1.5GB is about the maximum amount of memory a 32 bit process can allocate before running out of address space.
Somethings to look for:
Do you do your own caching? when are
items removed from the cache?
Is there somewhere data is added to a
collection every once in a while but
never removed?
Do you call Dispose on every object
that implements IDisposable?
Do you access any non-managed code at
all (COM objects or using DllImport)
or allocate non-managed memory (using
the Marshal class for example)?
anything that is allocated there is
never freed by the garbage collector,
you have to free it yourself.
Do you use 3rd party libraries or any
code from 3rd parties? it can have
any of the problems in the list too.
If you use the Cache object instead of the Application object, you can minimize problems of running out of memory. If the memory utilization of the ASP.Net worker process approaches the point at which the process will be bounced automatically (the recycle limit), the memory in Cache will be scavenged. Items that haven't been used for a while are removed first, potentially preventing the process from recycling. If the data is stored in Application, ASP.Net can do nothing to prevent the process from recycling, and all app state will be lost.
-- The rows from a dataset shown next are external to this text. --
lemma vertex_disjoint_closed_trails:
  assumes "finite CS" "\<forall>c\<in>CS. closed_trail E c" "disjoint_family_on (\<lambda>c. set (walk_edges c)) CS"
  shows "\<exists>TS. finite TS \<and> (\<forall>t\<in>TS. closed_trail E t)
    \<and> disjoint_family_on (\<lambda>t. set (walk_edges t)) TS \<and> disjoint_family_on set TS
    \<and> (\<Union>t\<in>TS. set (walk_edges t)) = (\<Union>c\<in>CS. set (walk_edges c)) \<and> (\<Union>t\<in>TS. set t) = (\<Union>c\<in>CS. set c)"
  using assms
proof (induction CS rule: finite_induct)
  case empty then show ?case by (intro exI[of _ "{}"]) (auto simp: disjoint_family_on_def)
next
  case (insert c CS)
  have dcCS: "set (walk_edges c) \<inter> (\<Union>c'\<in>CS. set (walk_edges c')) = {}"
    and "disjoint_family_on (\<lambda>c. set (walk_edges c)) CS"
    using insert.prems(2) insert.hyps(2) by (simp_all add: disjoint_family_on_insert)
  then obtain TS where TS: "finite TS" "\<forall>t\<in>TS. closed_trail E t"
    "disjoint_family_on (\<lambda>t. set (walk_edges t)) TS" "disjoint_family_on set TS"
    "(\<Union>t\<in>TS. set (walk_edges t)) = (\<Union>c\<in>CS. set (walk_edges c))"
    "(\<Union>t\<in>TS. set t) = (\<Union>c\<in>CS. set c)"
    using insert.IH insert.prems(1) by auto
  have "closed_trail E c" using insert.prems(1) by simp
  moreover have "set (walk_edges t) \<inter> set (walk_edges c) = {}" if "t \<in> TS" for t
    using dcCS TS(5) that by blast
  ultimately obtain TS' where "finite TS'" "\<forall>t\<in>TS'. closed_trail E t"
    "disjoint_family_on (\<lambda>t. set (walk_edges t)) TS'" "disjoint_family_on set TS'"
    "(\<Union>t\<in>TS'. set (walk_edges t)) = set (walk_edges c) \<union> (\<Union>t\<in>TS. set (walk_edges t))"
    "(\<Union>t\<in>TS'. set t) = set c \<union> (\<Union>t\<in>TS. set t)"
    using vertex_disjoint_insert_closed_trail[OF TS(1-4)] by metis
  then show ?case using TS(5,6) by (intro exI[of _ TS']) auto
qed

text \<open>The trails are disjoint in edges and in vertices, so one of them has at least the average density.\<close>

lemma closed_trail_above_average:
  assumes fin: "finite TS" and ct: "\<forall>t\<in>TS. closed_trail E t"
    and de: "disjoint_family_on (\<lambda>t. set (walk_edges t)) TS" and dv: "disjoint_family_on set TS"
    and sub: "(\<Union>t\<in>TS. set t) \<subseteq> V" and finV: "finite V"
    and pos: "0 < card (\<Union>t\<in>TS. set (walk_edges t))"
  shows "\<exists>t\<in>TS. card (\<Union>t\<in>TS. set (walk_edges t)) * card (set t) \<le> card V * length (walk_edges t)"
proof (rule ccontr)
  define S where "S = card (\<Union>t\<in>TS. set (walk_edges t))"
  assume "\<not> ?thesis"
  then have lt: "card V * length (walk_edges t) < S * card (set t)" if "t \<in> TS" for t
    using that by (auto simp: S_def not_le)
  have ne: "TS \<noteq> {}" using pos by auto
  have s1: "(\<Sum>t\<in>TS. length (walk_edges t)) = S"
  proof -
    have "(\<Sum>t\<in>TS. length (walk_edges t)) = (\<Sum>t\<in>TS. card (set (walk_edges t)))"
      using ct by (intro sum.cong) (auto simp: closed_trail_def distinct_card)
    also have "\<dots> = S" unfolding S_def using de fin by (simp add: card_UN_disjoint')
    finally show ?thesis .
  qed
  have s2: "(\<Sum>t\<in>TS. card (set t)) \<le> card V"
  proof -
    have "(\<Sum>t\<in>TS. card (set t)) = card (\<Union>t\<in>TS. set t)" using dv fin by (simp add: card_UN_disjoint')
    also have "\<dots> \<le> card V" using sub finV by (rule card_mono[rotated])
    finally show ?thesis .
  qed
  have "card V * S = (\<Sum>t\<in>TS. card V * length (walk_edges t))"
    unfolding s1[symmetric] by (simp add: sum_distrib_left)
  also have "\<dots> < (\<Sum>t\<in>TS. S * card (set t))" using fin ne lt by (intro sum_strict_mono) auto
  also have "\<dots> = S * (\<Sum>t\<in>TS. card (set t))" by (simp add: sum_distrib_left)
  also have "\<dots> \<le> S * card V" using s2 by simp
  finally show False by simp
qed

lemma dense_closed_trail_exists:
  fixes E :: "nat set set"
  assumes fE: "finite E" and two: "\<forall>e\<in>E. card e = 2" and sub: "\<Union>E \<subseteq> V" and finV: "finite V"
    and big: "card V < card E"
  shows "\<exists>ws. closed_trail E ws \<and> (card E - card V) * card (set ws) \<le> card V * length (walk_edges ws)"
proof -
  obtain CS where CS: "finite CS" "\<forall>c\<in>CS. closed_trail E c"
    "disjoint_family_on (\<lambda>c. set (walk_edges c)) CS"
    "card E \<le> card (\<Union>c\<in>CS. set (walk_edges c)) + card (\<Union>E)"
    using closed_trail_decomposition[OF fE two] by blast
  obtain TS where TS: "finite TS" "\<forall>t\<in>TS. closed_trail E t"
    "disjoint_family_on (\<lambda>t. set (walk_edges t)) TS" "disjoint_family_on set TS"
    "(\<Union>t\<in>TS. set (walk_edges t)) = (\<Union>c\<in>CS. set (walk_edges c))"
    "(\<Union>t\<in>TS. set t) = (\<Union>c\<in>CS. set c)"
    using vertex_disjoint_closed_trails[OF CS(1-3)] by metis
  define S where "S = card (\<Union>t\<in>TS. set (walk_edges t))"
  have "card (\<Union>E) \<le> card V" using sub finV by (rule card_mono[rotated])
  then have SS: "card E - card V \<le> S" using CS(4) TS(5) by (simp add: S_def)
  then have pos: "0 < S" using big by simp
  have vs: "(\<Union>t\<in>TS. set t) \<subseteq> V"
  proof -
    have "set c \<subseteq> V" if "c \<in> CS" for c
    proof -
      have "2 \<le> length c" "set (walk_edges c) \<subseteq> E" using CS(2) that by (auto simp: closed_trail_def)
      then show ?thesis using set_subset_Union_walk_edges[of c] sub by blast
    qed
    then show ?thesis using TS(6) by auto
  qed
  obtain t where t: "t \<in> TS" "S * card (set t) \<le> card V * length (walk_edges t)"
    using closed_trail_above_average[OF TS(1-4) vs finV pos[unfolded S_def]] unfolding S_def by blast
  have "(card E - card V) * card (set t) \<le> S * card (set t)" using SS by (rule mult_right_mono) simp
  then have "(card E - card V) * card (set t) \<le> card V * length (walk_edges t)" using t(2) by linarith
  then show ?thesis using t(1) TS(2) by blast
qed


definition tour_edge :: "(nat \<Rightarrow> nat) \<Rightarrow> nat \<Rightarrow> nat \<Rightarrow> nat set" where
  "tour_edge \<sigma> n i = {\<sigma> i, \<sigma> (Suc i mod n)}"

lemma is_tour_iff:
  "is_tour n T \<longleftrightarrow> 3 \<le> n \<and> (\<exists>\<sigma>. bij_betw \<sigma> {0..<n} {0..<n} \<and> T = tour_edge \<sigma> n ` {0..<n})"
  unfolding is_tour_def tour_edge_def by (simp add: setcompr_eq_image atLeast0LessThan lessThan_def)

lemma is_tourE:
  assumes "is_tour n T"
  obtains \<sigma> where "3 \<le> n" "bij_betw \<sigma> {0..<n} {0..<n}" "T = tour_edge \<sigma> n ` {0..<n}"
  using assms unfolding is_tour_iff by blast

lemma is_tourI: "3 \<le> n \<Longrightarrow> bij_betw \<sigma> {0..<n} {0..<n} \<Longrightarrow> is_tour n (tour_edge \<sigma> n ` {0..<n})"
  unfolding is_tour_iff by blast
However, you do need to have a way of repopulating the Cache object. You could do that by persisting the cached data in a database, as others have proposed.
Here's a short article with a good code example for handling Cache.
And here's a video of how to use Cache.
Anything stored in application state should be refreshable, and needs to be saved in current status in files or database. If nothing else happens, IIS restarts worker processes at least once a day, so nothing in application state will be there forever.
If you do run out of memory, you'll probably get an out of memory exception. You can also monitor memory usage, but in a shared host environment, that may not be enough information to avoid problems. And you may get the worker process recycled as an "involuntary" fix.
When you say that it's crucial that objects stored in application state don't get destroyed, it sounds like you're setting yourself up for trouble.
I think you should use session instead of the application sate and stored that session into sql server database. So once your application user end its session that will release your memory.
If you want more specific answer then please provide the more information about your application.